Saved entries:

※ ※ ※

lemma coeffs_prod_linear_factors:
  fixes a b :: "'i \<Rightarrow> 'a::comm_ring_1"
  assumes "finite S"
  shows "coeff (\<Prod>i\<in>S. [:b i, a i:]) 1 = (\<Sum>i\<in>S. a i * (\<Prod>k\<in>S-{i}. b k))"
    and "coeff (\<Prod>i\<in>S. [:b i, a i:]) (card S) = (\<Prod>i\<in>S. a i)"
proof -
  have "coeff (\<Prod>i\<in>S. [:b i, a i:]) 0 = (\<Prod>i\<in>S. b i) \<and>
        coeff (\<Prod>i\<in>S. [:b i, a i:]) 1 = (\<Sum>i\<in>S. a i * (\<Prod>k\<in>S-{i}. b k)) \<and>
        degree (\<Prod>i\<in>S. [:b i, a i:]) \<le> card S \<and>
        coeff (\<Prod>i\<in>S. [:b i, a i:]) (card S) = (\<Prod>i\<in>S. a i)"
    using assms
  proof (induction S rule: finite_induct)
    case (insert x S)
    let ?P = "\<Prod>i\<in>S. [:b i, a i:]"
    have split: "(\<Prod>i\<in>insert x S. [:b i, a i:]) = smult (b x) ?P + pCons 0 (smult (a x) ?P)"
      using insert by (simp add: mult_pCons_left)
    have "(\<Sum>i\<in>S. a i * (\<Prod>k\<in>insert x S-{i}. b k)) = b x * (\<Sum>i\<in>S. a i * (\<Prod>k\<in>S-{i}. b k))"
      unfolding sum_distrib_left
    proof (rule sum.cong)
      fix i assume "i \<in> S"
      then have "insert x S - {i} = insert x (S - {i})" "x \<notin> S - {i}" using insert by auto
      then show "a i * (\<Prod>k\<in>insert x S-{i}. b k) = b x * (a i * (\<Prod>k\<in>S-{i}. b k))"
        using insert by (simp add: ac_simps)
    qed simp
    moreover have "insert x S - {x} = S" using insert by auto
    ultimately have c1: "(\<Sum>i\<in>insert x S. a i * (\<Prod>k\<in>insert x S-{i}. b k)) =
        a x * (\<Prod>k\<in>S. b k) + b x * (\<Sum>i\<in>S. a i * (\<Prod>k\<in>S-{i}. b k))"
      using insert by simp
    have "degree (\<Prod>i\<in>insert x S. [:b i, a i:]) \<le> (\<Sum>i\<in>insert x S. degree [:b i, a i:])"
      using degree_prod_sum_le[of "insert x S" "\<lambda>i. [:b i, a i:]"] insert by (simp add: o_def)
    also have "\<dots> \<le> card (insert x S)"
      using sum_mono[of "insert x S" "\<lambda>i. degree [:b i, a i:]" "\<lambda>_. 1"] by simp
    finally have "degree (\<Prod>i\<in>insert x S. [:b i, a i:]) \<le> card (insert x S)" .
    moreover have "coeff ?P (Suc (card S)) = 0" using insert by (intro coeff_eq_0) simp
    ultimately show ?case
      using insert by (simp add: split c1 coeff_pCons ac_simps split: nat.splits)
  qed simp
  then show "coeff (\<Prod>i\<in>S. [:b i, a i:]) 1 = (\<Sum>i\<in>S. a i * (\<Prod>k\<in>S-{i}. b k))"
    and "coeff (\<Prod>i\<in>S. [:b i, a i:]) (card S) = (\<Prod>i\<in>S. a i)" by blast+
qed

lemma coeff_det_pencil_1:
  fixes A B :: "'a::comm_ring_1^'n^'n"
  shows "coeff (det (pencil A B)) 1 = det_deriv A B"
  unfolding det_def det_deriv_def coeff_sum
proof (rule sum.cong)
  fix p assume "p \<in> {p. p permutes (UNIV::'n set)}"
  show "coeff (of_int (sign p) * (\<Prod>i\<in>UNIV. pencil A B $ i $ p i)) 1 =
    of_int (sign p) * (\<Sum>i\<in>UNIV. A $ i $ p i * (\<Prod>k\<in>UNIV - {i}. B $ k $ p k))"
    using coeffs_prod_linear_factors(1)[where S=UNIV and a="\<lambda>i. A$i$p i" and b="\<lambda>i. B$i$p i"]
    by (simp add: pencil_def of_int_poly)
qed simp

lemma coeff_det_pencil_top: "coeff (det (pencil A B)) CARD('n) = det (A::'a::comm_ring_1^'n^'n)"
  unfolding det_def coeff_sum
proof (rule sum.cong)
  fix p assume "p \<in> {p. p permutes (UNIV::'n set)}"
  show "coeff (of_int (sign p) * (\<Prod>i\<in>UNIV. pencil A B $ i $ p i)) CARD('n) =
    of_int (sign p) * (\<Prod>i\<in>UNIV. A $ i $ p i)"
    using coeffs_prod_linear_factors(2)[where S=UNIV and a="\<lambda>i. A$i$p i" and b="\<lambda>i. B$i$p i"]
    by (simp add: pencil_def of_int_poly)
qed simp

lemma degree_det_pencil: "degree (det (pencil (A::'a::comm_ring_1^'n^'n) B)) \<le> CARD('n)"
  using degree_det_le[of "pencil A B" 1] by (simp add: pencil_def degree_pCons_le)

lemma eval_pencil: "eval_poly_mat (pencil A B) x = B + mat_smult x A"
  by (simp add: eval_poly_mat_def pencil_def mat_smult_def vec_eq_iff algebra_simps)

lemma poly_det_pencil: "poly (det (pencil A B)) x = det (B + mat_smult x A)"
  by (simp add: poly_det eval_pencil)

lemma det_pencil_nonzero:
  fixes A :: "'a::field^'n^'n"
  assumes "det A \<noteq> 0"
  shows "det (pencil A B) \<noteq> 0"
  using coeff_det_pencil_top[of A B] assms by auto

lemma det_deriv_mat_1: "det_deriv Z (mat 1 :: 'a::comm_ring_1^'n^'n) = trace Z"
proof -
  have "det_deriv Z (mat 1 :: 'a^'n^'n) =
      (\<Sum>p\<in>{p. p permutes (UNIV::'n set)}. if p = id then trace Z else 0)"
    unfolding det_deriv_def
  proof (rule sum.cong)
    fix p assume p: "p \<in> {p. p permutes (UNIV::'n set)}"
    have "(\<Prod>k\<in>UNIV - {i}. (mat 1 :: 'a^'n^'n) $ k $ p k) = 0" if "p \<noteq> id" for i
    proof -
      obtain k where k: "p k \<noteq> k" using \<open>p \<noteq> id\<close> by (auto simp: fun_eq_iff)
      have "p (p k) \<noteq> p k" using k permutes_inj[of p UNIV] p by (auto dest: injD)
      then obtain k' where "k' \<noteq> i" "p k' \<noteq> k'" using k by metis
      then show ?thesis by (auto simp: mat_def intro!: prod_zero bexI[of _ k'])
    qed
    then show "of_int (sign p) * (\<Sum>i\<in>UNIV. Z $ i $ p i * (\<Prod>k\<in>UNIV - {i}. (mat 1 :: 'a^'n^'n) $ k $ p k))
        = (if p = id then trace Z else 0)"
      by (auto simp: trace_def mat_def sign_id)
  qed simp
  also have "\<dots> = trace Z"
    by (simp add: sum.delta' permutes_id)
  finally show ?thesis .
qed

lemma det_const_poly_mat: "det (const_poly_mat (M::'a::comm_ring_1^'n^'n)) = [:det M:]"
proof -
  have "degree (det (const_poly_mat M)) \<le> CARD('n) * 0"
    by (rule degree_det_le) (simp add: const_poly_mat_def)
  moreover have "coeff (det (const_poly_mat M)) 0 = det M"
    by (simp add: poly_0_coeff_0[symmetric] poly_det eval_poly_mat_def const_poly_mat_def)
  ultimately show ?thesis
    by (metis degree_0_id mult_0_right le_zero_eq)
qed

lemma const_poly_mat_mult_pencil:
  "const_poly_mat M ** pencil Z (mat 1) = pencil (M ** Z) (M :: 'a::comm_ring_1^'n^'n)"
proof -
  have sum_pCons: "(\<Sum>k\<in>S. [:a k, b k:]) = [:(\<Sum>k\<in>S. a k), (\<Sum>k\<in>S. b k):]"
    for S and a b :: "'n \<Rightarrow> 'a"
    by (induction S rule: infinite_finite_induct) auto
  have "(const_poly_mat M ** pencil Z (mat 1)) $ i $ j = pencil (M ** Z) M $ i $ j" for i j
  proof -
    have "(const_poly_mat M ** pencil Z (mat 1)) $ i $ j =
        (\<Sum>k\<in>UNIV. [:M$i$k * (mat 1::'a^'n^'n)$k$j, M$i$k * Z$k$j:])"
      by (simp add: matrix_matrix_mult_def const_poly_mat_def pencil_def ac_simps)
    also have "\<dots> = [:(\<Sum>k\<in>UNIV. M$i$k * (mat 1::'a^'n^'n)$k$j), (\<Sum>k\<in>UNIV. M$i$k * Z$k$j):]"
      by (rule sum_pCons)
    also have "\<dots> = pencil (M ** Z) M $ i $ j"
      by (simp add: pencil_def matrix_matrix_mult_def mat_def if_distrib cong: if_cong)
    finally show ?thesis .
  qed
  then show ?thesis by (simp add: vec_eq_iff)
qed

lemma det_deriv_mult: "det_deriv (M ** Z) M = det M * trace (Z :: 'a::comm_ring_1^'n^'n)"
proof -
  have "det (pencil (M ** Z) M) = [:det M:] * det (pencil Z (mat 1))"
    by (metis const_poly_mat_mult_pencil det_mul det_const_poly_mat)
  then show ?thesis
    using coeff_det_pencil_1[of "M ** Z" M] coeff_det_pencil_1[of Z "mat 1"] det_deriv_mat_1[of Z]
    by simp
qed

lemma poly_det_deriv: "poly (det_deriv A B) x = det_deriv (eval_poly_mat A x) (eval_poly_mat B x)"
  by (simp add: det_deriv_def eval_poly_mat_def poly_sum poly_prod)

lemma det_deriv_scale:
  fixes A N :: "'a::comm_ring_1^'n^'n"
  shows "det_deriv A (\<chi> i j. c * N$i$j) = c ^ (CARD('n) - 1) * det_deriv A N"
proof -
  have "(\<Prod>k\<in>UNIV-{i}. c * N$k$p k) = c ^ (CARD('n) - 1) * (\<Prod>k\<in>UNIV-{i}. N$k$p k)"
    for i :: 'n and p
    by (simp add: prod.distrib card_Diff_singleton)
  then show ?thesis
    by (simp add: det_deriv_def sum_distrib_left ac_simps)
qed

section \<open>Polynomials over a large field\<close>

lemma obtain_finite_subset_avoiding:
  fixes K :: "'a set"
  assumes "finite K" and "infinite (UNIV::'a set) \<or> m + card K \<le> CARD('a)"
  obtains A where "finite A" "card A = m" "A \<inter> K = {}"
proof (cases "finite (UNIV::'a set)")
  case True
  then have "m \<le> card (UNIV - K)" using assms by (simp add: card_Diff_subset)
  then obtain A where "A \<subseteq> UNIV - K" "card A = m" by (meson obtain_subset_with_card_n)
  moreover have "finite A" using True by (rule finite_subset[OF subset_UNIV])
  ultimately show ?thesis using that by blast
next
  case False
  then have "infinite (UNIV - K)" using assms(1) by auto
  then obtain A where "finite A" "card A = m" "A \<subseteq> UNIV - K"
    using infinite_arbitrarily_large by blast
  then show ?thesis using that by blast
qed

lemma poly_eqI_outside:
  fixes p q :: "'a::field poly"
  assumes "finite K" and "infinite (UNIV::'a set) \<or> d + 1 + card K \<le> CARD('a)"
    and "degree p \<le> d" "degree q \<le> d" and "\<And>x. x \<notin> K \<Longrightarrow> poly p x = poly q x"
  shows "p = q"
proof -
  obtain A where A: "finite A" "card A = d + 1" "A \<inter> K = {}"
    using obtain_finite_subset_avoiding[OF assms(1), of "d + 1"] assms(2) by blast
  show ?thesis
    by (rule poly_eqI_degree[of A]) (use A assms(3-5) in auto)
qed

lemma exists_nonroot_outside:
  fixes p :: "'a::field poly"
  assumes "p \<noteq> 0" "finite K" "infinite (UNIV::'a set) \<or> degree p + 1 + card K \<le> CARD('a)"
  shows "\<exists>c. c \<notin> K \<and> poly p c \<noteq> 0"
  using poly_eqI_outside[OF assms(2,3), of p 0] assms(1) by auto

section \<open>Skew-symmetric matrices\<close>

lemma Qn_iff: "x \<in> Qn \<longleftrightarrow> (\<forall>i j. x$j$i = - x$i$j)"
  unfolding Qn_def skew_symmetric_def transpose_def mem_Collect_eq vec_eq_iff by simp

lemma QnD: "x \<in> Qn \<Longrightarrow> x$j$i = - x$i$j"
  unfolding Qn_iff by blast

lemma Qn_diag:
  assumes "x \<in> Qn" "(2::'a::field) \<noteq> 0"
  shows "x$i$i = (0::'a)"
proof -
  have "2 * x$i$i = 0" using QnD[OF assms(1), of i i] by (metis mult_2 add.right_inverse)
  then show ?thesis using assms(2) by simp
qed

lemma Qn_zero: "0 \<in> Qn"
  by (simp add: Qn_iff)

lemma Qn_add:
  assumes "x \<in> Qn" "y \<in> Qn" shows "x + y \<in> Qn"
  unfolding Qn_iff
proof (intro allI)
  fix i j
  show "(x + y)$j$i = - (x + y)$i$j" using QnD[OF assms(1), of j i] QnD[OF assms(2), of j i] by simp
qed

lemma Qn_uminus:
  assumes "x \<in> Qn" shows "- x \<in> Qn"
  unfolding Qn_iff
proof (intro allI)
  fix i j
  show "(- x)$j$i = - (- x)$i$j" using QnD[OF assms, of j i] by simp
qed

lemma Qn_diff: "x \<in> Qn \<Longrightarrow> y \<in> Qn \<Longrightarrow> x - y \<in> Qn"
  using Qn_add[OF _ Qn_uminus] by simp

lemma Qn_mat_smult:
  assumes "x \<in> Qn" shows "mat_smult c x \<in> Qn"
  unfolding Qn_iff
proof (intro allI)
  fix i j
  show "mat_smult c x $j$i = - mat_smult c x $i$j" using QnD[OF assms, of j i] by (simp add: mat_smult_def)
qed

lemma Qn_add_mat_smult: "u \<in> Qn \<Longrightarrow> w \<in> Qn \<Longrightarrow> u + mat_smult l w \<in> Qn"
  by (intro Qn_add Qn_mat_smult)

lemma obtain_inverse:
  fixes M :: "'a::field^'n^'n"
  assumes "det M \<noteq> 0"
  obtains Mi where "M ** Mi = mat 1" "Mi ** M = mat 1" "det Mi \<noteq> 0"
proof -
  obtain Mi where Mi: "M ** Mi = mat 1" "Mi ** M = mat 1"
    using assms invertible_det_nz[of M] unfolding invertible_def by blast
  then have "det M * det Mi = 1" by (metis det_I det_mul)
  then have "det Mi \<noteq> 0" by auto
  then show ?thesis using that Mi by blast
qed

※ ※ ※

Exercise prompt:
Write out, without alteration, the line that contains "(metis mult_2 add.right_inverse)" and all subsequent lines down to the end of the data above.

Exercise answer:
  have "2 * x$i$i = 0" using QnD[OF assms(1), of i i] by (metis mult_2 add.right_inverse)
  then show ?thesis using assms(2) by simp
qed

lemma Qn_zero: "0 \<in> Qn"
  by (simp add: Qn_iff)

lemma Qn_add:
  assumes "x \<in> Qn" "y \<in> Qn" shows "x + y \<in> Qn"
  unfolding Qn_iff
proof (intro allI)
  fix i j
  show "(x + y)$j$i = - (x + y)$i$j" using QnD[OF assms(1), of j i] QnD[OF assms(2), of j i] by simp
qed

lemma Qn_uminus:
  assumes "x \<in> Qn" shows "- x \<in> Qn"
  unfolding Qn_iff
proof (intro allI)
  fix i j
  show "(- x)$j$i = - (- x)$i$j" using QnD[OF assms, of j i] by simp
qed

lemma Qn_diff: "x \<in> Qn \<Longrightarrow> y \<in> Qn \<Longrightarrow> x - y \<in> Qn"
  using Qn_add[OF _ Qn_uminus] by simp

lemma Qn_mat_smult:
  assumes "x \<in> Qn" shows "mat_smult c x \<in> Qn"
  unfolding Qn_iff
proof (intro allI)
  fix i j
  show "mat_smult c x $j$i = - mat_smult c x $i$j" using QnD[OF assms, of j i] by (simp add: mat_smult_def)
qed

lemma Qn_add_mat_smult: "u \<in> Qn \<Longrightarrow> w \<in> Qn \<Longrightarrow> u + mat_smult l w \<in> Qn"
  by (intro Qn_add Qn_mat_smult)

lemma obtain_inverse:
  fixes M :: "'a::field^'n^'n"
  assumes "det M \<noteq> 0"
  obtains Mi where "M ** Mi = mat 1" "Mi ** M = mat 1" "det Mi \<noteq> 0"
proof -
  obtain Mi where Mi: "M ** Mi = mat 1" "Mi ** M = mat 1"
    using assms invertible_det_nz[of M] unfolding invertible_def by blast
  then have "det M * det Mi = 1" by (metis det_I det_mul)
  then have "det Mi \<noteq> 0" by auto
  then show ?thesis using that Mi by blast
qed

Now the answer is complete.